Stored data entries

(* For every bisection $\mathcal{S}=(S,\overline{S})$ and every stubborn vertex $x\in S$, it holds that $-a_x\le\mathrm{def}_{\mathcal{S}}(x)\le a_x$.
   Context: $G$ is a finite simple undirected graph with an odd number $n$ of vertices; $d(x)$ is the degree of $x$. Each vertex $x$ has stubbornness $\alpha_x\in(0,1)$ and $a_x=\lfloor\alpha_x/(1-\alpha_x)\rfloor$. A vertex $x$ is stubborn if $a_x\ge\min\{d(x),n-d(x)-1\}$. $W(A,B)$ is the number of edges with one endpoint in $A$ and the other in $B$. A bisection $(S,\overline{S})$ partitions the vertices with $|S|=\frac{n+1}{2}$, $|\overline{S}|=\frac{n-1}{2}$. For $x\in S$, $\mathrm{def}_{\mathcal{S}}(x)=W(x,S)-W(x,\overline{S})$. *)

theory Defs
  imports Complex_Main
begin

definition simple_graph :: "'a set \<Rightarrow> ('a \<Rightarrow> 'a \<Rightarrow> bool) \<Rightarrow> bool" where
  "simple_graph V E \<longleftrightarrow> finite V \<and> (\<forall>u v. E u v \<longrightarrow> E v u) \<and> (\<forall>u. \<not> E u u)
     \<and> (\<forall>u v. E u v \<longrightarrow> u \<in> V \<and> v \<in> V)"

definition degree :: "'a set \<Rightarrow> ('a \<Rightarrow> 'a \<Rightarrow> bool) \<Rightarrow> 'a \<Rightarrow> nat" where
  "degree V E x = card {y \<in> V. E x y}"

definition W :: "('a \<Rightarrow> 'a \<Rightarrow> bool) \<Rightarrow> 'a set \<Rightarrow> 'a set \<Rightarrow> nat" where
  "W E A B = card {e. \<exists>u\<in>A. \<exists>v\<in>B. E u v \<and> e = {u, v}}"

definition a_val :: "real \<Rightarrow> int" where
  "a_val \<alpha> = \<lfloor>\<alpha> / (1 - \<alpha>)\<rfloor>"

definition stubborn :: "'a set \<Rightarrow> ('a \<Rightarrow> 'a \<Rightarrow> bool) \<Rightarrow> ('a \<Rightarrow> real) \<Rightarrow> 'a \<Rightarrow> bool" where
  "stubborn V E \<alpha> x \<longleftrightarrow>
     a_val (\<alpha> x) \<ge> min (int (degree V E x)) (int (card V) - int (degree V E x) - 1)"

definition bisection :: "'a set \<Rightarrow> 'a set \<Rightarrow> bool" where
  "bisection V S \<longleftrightarrow> S \<subseteq> V \<and> card S = (card V + 1) div 2"

definition deficiency :: "'a set \<Rightarrow> ('a \<Rightarrow> 'a \<Rightarrow> bool) \<Rightarrow> 'a set \<Rightarrow> 'a \<Rightarrow> int" where
  "deficiency V E S x = int (W E {x} S) - int (W E {x} (V - S))"

end

theory Submission
  imports Defs
begin

text \<open>Write \<open>s\<close> and \<open>t\<close> for the numbers of neighbours of \<open>x\<close> in \<open>S\<close> and in its
complement, so that \<open>def(x) = s - t\<close> and \<open>d(x) = s + t\<close>. Hence \<open>|def(x)| \<le> d(x)\<close>.
Since \<open>|S| - 1 = |V - S|\<close>, the non-neighbours of \<open>x\<close> other than \<open>x\<close> itself split as
\<open>(|S| - 1 - s) + (|S| - 1 - t) = n - d(x) - 1\<close>, whose difference is again \<open>t - s\<close>;
so also \<open>|def(x)| \<le> n - d(x) - 1\<close>, and stubbornness bounds the minimum of the two by \<open>a\<^sub>x\<close>.\<close>

lemma W_singleton: "W E {x} A = card {y \<in> A. E x y}"
proof -
  have "{e. \<exists>u\<in>{x}. \<exists>v\<in>A. E u v \<and> e = {u, v}} = (\<lambda>y. {x, y}) ` {y \<in> A. E x y}"
    by auto
  moreover have "inj_on (\<lambda>y. {x, y}) {y \<in> A. E x y}"
    by (auto simp: inj_on_def doubleton_eq_iff)
  ultimately show ?thesis
    unfolding W_def by (simp add: card_image)
qed

lemma deficiency_eq_card_neighbours:
  "deficiency V E S x = int (card {y \<in> S. E x y}) - int (card {y \<in> V - S. E x y})"
  by (simp add: deficiency_def W_singleton)

lemma degree_eq_card_neighbours_split:
  assumes "finite V" and "S \<subseteq> V"
  shows "degree V E x = card {y \<in> S. E x y} + card {y \<in> V - S. E x y}"
proof -
  have "{y \<in> V. E x y} = {y \<in> S. E x y} \<union> {y \<in> V - S. E x y}"
    using assms(2) by auto
  moreover have "finite {y \<in> S. E x y}" and "finite {y \<in> V - S. E x y}"
    using assms by (auto intro: finite_subset)
  ultimately show ?thesis
    unfolding degree_def by (simp add: card_Un_disjoint disjoint_iff)
qed

lemma card_neighbours_le_card_minus_self:
  assumes "finite S" and "x \<in> S" and "\<not> E x x"
  shows "card {y \<in> S. E x y} \<le> card S - 1"
proof -
  have "card {y \<in> S. E x y} \<le> card (S - {x})"
    using assms by (intro card_mono) auto
  with assms(1,2) show ?thesis
    by simp
qed

lemma card_complement_of_bisection:
  assumes "finite V" and "odd (card V)" and "bisection V S"
  shows "card (V - S) = card S - 1"
proof -
  have "S \<subseteq> V" and "card S = (card V + 1) div 2"
    using assms(3) unfolding bisection_def by auto
  moreover have "card (V - S) = card V - card S"
    using \<open>S \<subseteq> V\<close> assms(1) by (simp add: card_Diff_subset finite_subset)
  ultimately show ?thesis
    using assms(2) by presburger
qed

lemma abs_deficiency_le_degree_bounds:
  assumes "simple_graph V E" and "odd (card V)" and "bisection V S" and "x \<in> S"
  shows "\<bar>deficiency V E S x\<bar> \<le> int (degree V E x)"
    and "\<bar>deficiency V E S x\<bar> \<le> int (card V) - int (degree V E x) - 1"
proof -
  have "finite V" and "\<not> E x x" and "S \<subseteq> V"
    using assms(1,3) unfolding simple_graph_def bisection_def by auto
  then have "finite S" and "finite (V - S)"
    by (auto intro: finite_subset)
  define s where "s = card {y \<in> S. E x y}"
  define t where "t = card {y \<in> V - S. E x y}"
  have def: "deficiency V E S x = int s - int t"
    unfolding s_def t_def by (rule deficiency_eq_card_neighbours)
  have deg: "degree V E x = s + t"
    unfolding s_def t_def using \<open>finite V\<close> \<open>S \<subseteq> V\<close>
    by (rule degree_eq_card_neighbours_split)
  have s_le: "s \<le> card S - 1"
    unfolding s_def using \<open>finite S\<close> assms(4) \<open>\<not> E x x\<close>
    by (rule card_neighbours_le_card_minus_self)
  have V_minus_S: "card (V - S) = card S - 1"
    using \<open>finite V\<close> assms(2,3) by (rule card_complement_of_bisection)
  have "t \<le> card (V - S)"
    unfolding t_def using \<open>finite (V - S)\<close> by (intro card_mono) auto
  with V_minus_S have t_le: "t \<le> card S - 1"
    by simp
  have "card V = card S + (card S - 1)"
    using V_minus_S card_Diff_subset[OF \<open>finite S\<close> \<open>S \<subseteq> V\<close>]
      card_mono[OF \<open>finite V\<close> \<open>S \<subseteq> V\<close>] by linarith
  moreover have "card S \<ge> 1"
    using \<open>finite S\<close> assms(4) by (metis One_nat_def Suc_leI card_gt_0_iff empty_iff)
  ultimately show "\<bar>deficiency V E S x\<bar> \<le> int (degree V E x)"
    and "\<bar>deficiency V E S x\<bar> \<le> int (card V) - int (degree V E x) - 1"
    using def deg s_le t_le by linarith+
qed

theorem lemma5:
  fixes V :: "'a set" and E :: "'a \<Rightarrow> 'a \<Rightarrow> bool" and \<alpha> :: "'a \<Rightarrow> real"
    and S :: "'a set" and x :: 'a
  assumes "simple_graph V E"
    and "odd (card V)"
    and "\<forall>v\<in>V. 0 < \<alpha> v \<and> \<alpha> v < 1"
    and "bisection V S"
    and "x \<in> S"
    and "stubborn V E \<alpha> x"
  shows "- a_val (\<alpha> x) \<le> deficiency V E S x \<and> deficiency V E S x \<le> a_val (\<alpha> x)"
proof -
  have "\<bar>deficiency V E S x\<bar>
      \<le> min (int (degree V E x)) (int (card V) - int (degree V E x) - 1)"
    using abs_deficiency_le_degree_bounds[OF assms(1,2,4,5)] by simp
  also have "\<dots> \<le> a_val (\<alpha> x)"
    using assms(6) unfolding stubborn_def .
  finally show ?thesis
    by linarith
qed

end
(* Let $\mathcal{X}=\{x_k\}_{k=1}^\infty$ be a frame for an infinite dimensional (separable) real or complex Hilbert space $\mathbb{H}$. The following are equivalent: (1) $\mathcal{X}$ is injective; (2) for every orthonormal basis $\mathcal{E}=\{e_j\}_{j=1}^\infty$ of $\mathbb{H}$, \[ \overline{\mathrm{span}}\{(|\langle x_k,e_1\rangle|^2,|\langle x_k,e_2\rangle|^2,\dots):k=1,2,\dots\}=\ell_2,\] the closed linear span being taken in the real space $\ell_2$.
   Context: A family $\{x_k\}$ in a Hilbert space is called injective if whenever a Hilbert–Schmidt self-adjoint operator $T$ satisfies $\langle Tx_k,x_k\rangle=0$ for all $k$, then $T=0$. *)

theory Defs
  imports "HOL-Analysis.Analysis"
begin

text \<open>
  A complex
  Hilbert space is encoded as its underlying real Hilbert space together with an
  orthogonal complex structure J (multiplication by i); the complex inner product
  is then  <x,y> = inner x y + i * inner x (J y)  (linear in the first argument),
  and complex scalar multiplication is (a + i b) x = a x + b J x.
\<close>

datatype scalar_field = Real_field | Complex_field

definition cplx_structure :: "('a::real_inner \<Rightarrow> 'a) \<Rightarrow> bool" where
  "cplx_structure J \<longleftrightarrow> linear J \<and> (\<forall>x. J (J x) = - x) \<and> (\<forall>x y. inner (J x) (J y) = inner x y)"

definition admissible :: "scalar_field \<Rightarrow> ('a::real_inner \<Rightarrow> 'a) \<Rightarrow> bool" where
  "admissible F J \<longleftrightarrow> (F = Complex_field \<longrightarrow> cplx_structure J)"

definition scal :: "scalar_field \<Rightarrow> complex set" where
  "scal F = (case F of Real_field \<Rightarrow> \<real> | Complex_field \<Rightarrow> UNIV)"

definition smul :: "scalar_field \<Rightarrow> ('a::real_vector \<Rightarrow> 'a) \<Rightarrow> complex \<Rightarrow> 'a \<Rightarrow> 'a" where
  "smul F J c x = (case F of Real_field \<Rightarrow> Re c *\<^sub>R x
                            | Complex_field \<Rightarrow> Re c *\<^sub>R x + Im c *\<^sub>R J x)"

definition hip :: "scalar_field \<Rightarrow> ('a::real_inner \<Rightarrow> 'a) \<Rightarrow> 'a \<Rightarrow> 'a \<Rightarrow> complex" where
  "hip F J x y = (case F of Real_field \<Rightarrow> complex_of_real (inner x y)
                           | Complex_field \<Rightarrow> Complex (inner x y) (inner x (J y)))"

definition bounded_op :: "scalar_field \<Rightarrow> ('a::real_inner \<Rightarrow> 'a) \<Rightarrow> ('a \<Rightarrow> 'a) \<Rightarrow> bool" where
  "bounded_op F J T \<longleftrightarrow> bounded_linear T \<and> (\<forall>c\<in>scal F. \<forall>x. T (smul F J c x) = smul F J c (T x))"

definition self_adjoint_op :: "scalar_field \<Rightarrow> ('a::real_inner \<Rightarrow> 'a) \<Rightarrow> ('a \<Rightarrow> 'a) \<Rightarrow> bool" where
  "self_adjoint_op F J T \<longleftrightarrow> (\<forall>x y. hip F J (T x) y = hip F J x (T y))"

definition orthonormal_basis :: "scalar_field \<Rightarrow> ('a::real_inner \<Rightarrow> 'a) \<Rightarrow> (nat \<Rightarrow> 'a) \<Rightarrow> bool" where
  "orthonormal_basis F J e \<longleftrightarrow>
     (\<forall>i j. hip F J (e i) (e j) = (if i = j then 1 else 0)) \<and>
     (\<forall>x. (\<forall>j. hip F J x (e j) = 0) \<longrightarrow> x = 0)"

definition hilbert_schmidt :: "scalar_field \<Rightarrow> ('a::real_inner \<Rightarrow> 'a) \<Rightarrow> ('a \<Rightarrow> 'a) \<Rightarrow> bool" where
  "hilbert_schmidt F J T \<longleftrightarrow> bounded_op F J T \<and>
     (\<exists>e. orthonormal_basis F J e \<and> summable (\<lambda>j. (norm (T (e j)))\<^sup>2))"

definition is_frame :: "scalar_field \<Rightarrow> ('a::real_inner \<Rightarrow> 'a) \<Rightarrow> (nat \<Rightarrow> 'a) \<Rightarrow> bool" where
  "is_frame F J X \<longleftrightarrow> (\<exists>A B. 0 < A \<and> (\<forall>y.
      summable (\<lambda>k. (cmod (hip F J y (X k)))\<^sup>2) \<and>
      A * (norm y)\<^sup>2 \<le> (\<Sum>k. (cmod (hip F J y (X k)))\<^sup>2) \<and>
      (\<Sum>k. (cmod (hip F J y (X k)))\<^sup>2) \<le> B * (norm y)\<^sup>2))"

definition injective_family :: "scalar_field \<Rightarrow> ('a::real_inner \<Rightarrow> 'a) \<Rightarrow> (nat \<Rightarrow> 'a) \<Rightarrow> bool" where
  "injective_family F J X \<longleftrightarrow> (\<forall>T. hilbert_schmidt F J T \<and> self_adjoint_op F J T \<and>
      (\<forall>k. hip F J (T (X k)) (X k) = 0) \<longrightarrow> (\<forall>x. T x = 0))"

definition l2_seqs :: "(nat \<Rightarrow> real) set" where
  "l2_seqs = {a. summable (\<lambda>j. (a j)\<^sup>2)}"

definition l2_norm :: "(nat \<Rightarrow> real) \<Rightarrow> real" where
  "l2_norm a = sqrt (\<Sum>j. (a j)\<^sup>2)"

definition l2_closed_span :: "(nat \<Rightarrow> nat \<Rightarrow> real) \<Rightarrow> (nat \<Rightarrow> real) set" where
  "l2_closed_span v = {a \<in> l2_seqs. \<forall>\<epsilon>>0. \<exists>N c.
      (\<lambda>j. \<Sum>k<N. c k * v k j) \<in> l2_seqs \<and>
      l2_norm (\<lambda>j. a j - (\<Sum>k<N. c k * v k j)) < \<epsilon>}"

end

theory Submission
  imports Defs
begin

text \<open>Both implications go through eigenbases. A self-adjoint Hilbert--Schmidt operator T is
  compact, so (using separability and infinite dimension) it has an orthonormal eigenbasis f
  with square-summable eigenvalues a, and then the quadratic form at x_k is the l2-pairing of a
  with v_k = (|<x_k, f_j>|^2)_j. Injectivity of the family thus says that no nonzero a in l2 is
  orthogonal to every v_k: for (1) => (2) take the diagonal operator with eigenvalues a in the
  given basis, for (2) => (1) the eigenbasis of T. By the projection theorem in l2, the absence
  of such an a is exactly the density of the span of the v_k.\<close>

section \<open>Inner product and scalar multiplication over the scalar field\<close>

lemma cplx_structureD:
  assumes "cplx_structure J"
  shows "linear J" "J (J x) = - x" "inner (J x) (J y) = inner x y"
    "inner (J x) y = - inner x (J y)" "inner x (J x) = 0" "norm (J x) = norm x"
proof -
  show "linear J" "J (J x) = - x" and JJ: "\<And>x y. inner (J x) (J y) = inner x y"
    using assms by (simp_all add: cplx_structure_def)
  have J_left: "inner (J a) b = - inner a (J b)" for a b
    using JJ[of "J a" b] assms by (simp add: cplx_structure_def)
  then show "inner (J x) y = - inner x (J y)" .
  show "inner x (J x) = 0" using J_left[of x x] by (simp add: inner_commute)
  show "norm (J x) = norm x" using JJ[of x x] by (simp add: norm_eq_sqrt_inner)
qed

locale hilbert_space =
  fixes F :: scalar_field and J :: "'a::{real_inner,complete_space} \<Rightarrow> 'a"
  assumes admissible: "admissible F J"
begin

lemma cplx_structure: "F = Complex_field \<Longrightarrow> cplx_structure J"
  using admissible by (simp add: admissible_def)

lemma J_linear: "F = Complex_field \<Longrightarrow> linear J"
  using cplx_structureD(1)[OF cplx_structure] .

lemma J_add: "F = Complex_field \<Longrightarrow> J (x + y) = J x + J y"
  by (simp add: J_linear linear_add)
lemma J_diff: "F = Complex_field \<Longrightarrow> J (x - y) = J x - J y"
  by (simp add: J_linear linear_diff)
lemma J_scaleR: "F = Complex_field \<Longrightarrow> J (r *\<^sub>R x) = r *\<^sub>R J x"
  by (simp add: J_linear linear_scale)
lemma J_zero: "F = Complex_field \<Longrightarrow> J 0 = 0"
  by (simp add: J_linear linear_0)

lemma Re_hip: "Re (hip F J x y) = inner x y"
  by (cases F) (auto simp: hip_def)

lemma hip_self: "hip F J x x = complex_of_real ((norm x)\<^sup>2)"
  by (cases F)
     (auto simp: hip_def cplx_structureD[OF cplx_structure] power2_norm_eq_inner complex_eq_iff)

lemma hip_commute: "hip F J y x = cnj (hip F J x y)"
proof (cases F)
  case Complex_field
  have "inner y (J x) = - inner x (J y)"
    using cplx_structureD(4)[OF cplx_structure[OF Complex_field], of y x]
    by (simp add: inner_commute)
  then show ?thesis using Complex_field by (simp add: hip_def inner_commute complex_eq_iff)
qed (simp add: hip_def inner_commute)

lemma hip_add_left: "hip F J (x + z) y = hip F J x y + hip F J z y"
  by (cases F) (auto simp: hip_def inner_add_left complex_eq_iff)
lemma hip_add_right: "hip F J y (x + z) = hip F J y x + hip F J y z"
  by (cases F) (auto simp: hip_def inner_add_right J_add complex_eq_iff)
lemma hip_diff_left: "hip F J (x - z) y = hip F J x y - hip F J z y"
  by (cases F) (auto simp: hip_def inner_diff_left complex_eq_iff)
lemma hip_diff_right: "hip F J y (x - z) = hip F J y x - hip F J y z"
  by (cases F) (auto simp: hip_def inner_diff_right J_diff complex_eq_iff)
lemma hip_zero_left [simp]: "hip F J 0 y = 0"
  by (cases F) (auto simp: hip_def complex_eq_iff)
lemma hip_zero_right [simp]: "hip F J y 0 = 0"
  by (cases F) (auto simp: hip_def J_zero complex_eq_iff)
lemma hip_scaleR_left: "hip F J (r *\<^sub>R x) y = of_real r * hip F J x y"
  by (cases F) (auto simp: hip_def complex_eq_iff)
lemma hip_scaleR_right: "hip F J y (r *\<^sub>R x) = of_real r * hip F J y x"
  by (cases F) (auto simp: hip_def complex_eq_iff J_scaleR)
lemma hip_sum_left: "hip F J (\<Sum>i\<in>S. f i) y = (\<Sum>i\<in>S. hip F J (f i) y)"
  by (induction S rule: infinite_finite_induct) (auto simp: hip_add_left)
lemma hip_sum_right: "hip F J y (\<Sum>i\<in>S. f i) = (\<Sum>i\<in>S. hip F J y (f i))"
  by (induction S rule: infinite_finite_induct) (auto simp: hip_add_right)

lemma hip_in_scal [simp]: "hip F J x y \<in> scal F"
  by (cases F) (auto simp: scal_def hip_def)
lemma of_real_in_scal [simp]: "complex_of_real r \<in> scal F"
  by (cases F) (auto simp: scal_def)
lemma scal_mult: "c \<in> scal F \<Longrightarrow> d \<in> scal F \<Longrightarrow> c * d \<in> scal F"
  by (cases F) (auto simp: scal_def)

lemma hip_smul_left:
  assumes "c \<in> scal F" shows "hip F J (smul F J c x) y = c * hip F J x y"
proof (cases F)
  case Real_field
  with assms have "c = of_real (Re c)" by (auto simp: scal_def complex_is_Real_iff complex_eq_iff)
  then show ?thesis using Real_field by (auto simp: hip_def smul_def complex_eq_iff)
next
  case Complex_field
  then show ?thesis
    by (simp add: hip_def smul_def complex_eq_iff inner_add_left
        cplx_structureD[OF cplx_structure[OF Complex_field]])
qed

lemma hip_smul_right:
  "c \<in> scal F \<Longrightarrow> hip F J y (smul F J c x) = cnj c * hip F J y x"
  using hip_smul_left[of c x y] by (metis complex_cnj_mult hip_commute)

lemma smul_add: "smul F J c (x + y) = smul F J c x + smul F J c y"
  by (cases F) (auto simp: smul_def J_add scaleR_add_right)
lemma smul_zero [simp]: "smul F J c 0 = 0"
  by (cases F) (auto simp: smul_def J_zero)
lemma smul_of_real [simp]: "smul F J (complex_of_real r) x = r *\<^sub>R x"
  by (cases F) (auto simp: smul_def)

lemma bounded_op_imp_bounded_linear: "bounded_op F J T \<Longrightarrow> bounded_linear T"
  by (simp add: bounded_op_def)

§ Exercise directions: Begin with the line that contains "by (cases F) (auto simp: smul_def J_zero)" and end with the last line of the records; set down every line in that span exactly, and nothing else.

§ Answer to the problem:
  by (cases F) (auto simp: smul_def J_zero)
lemma smul_of_real [simp]: "smul F J (complex_of_real r) x = r *\<^sub>R x"
  by (cases F) (auto simp: smul_def)

lemma bounded_op_imp_bounded_linear: "bounded_op F J T \<Longrightarrow> bounded_linear T"
  by (simp add: bounded_op_def)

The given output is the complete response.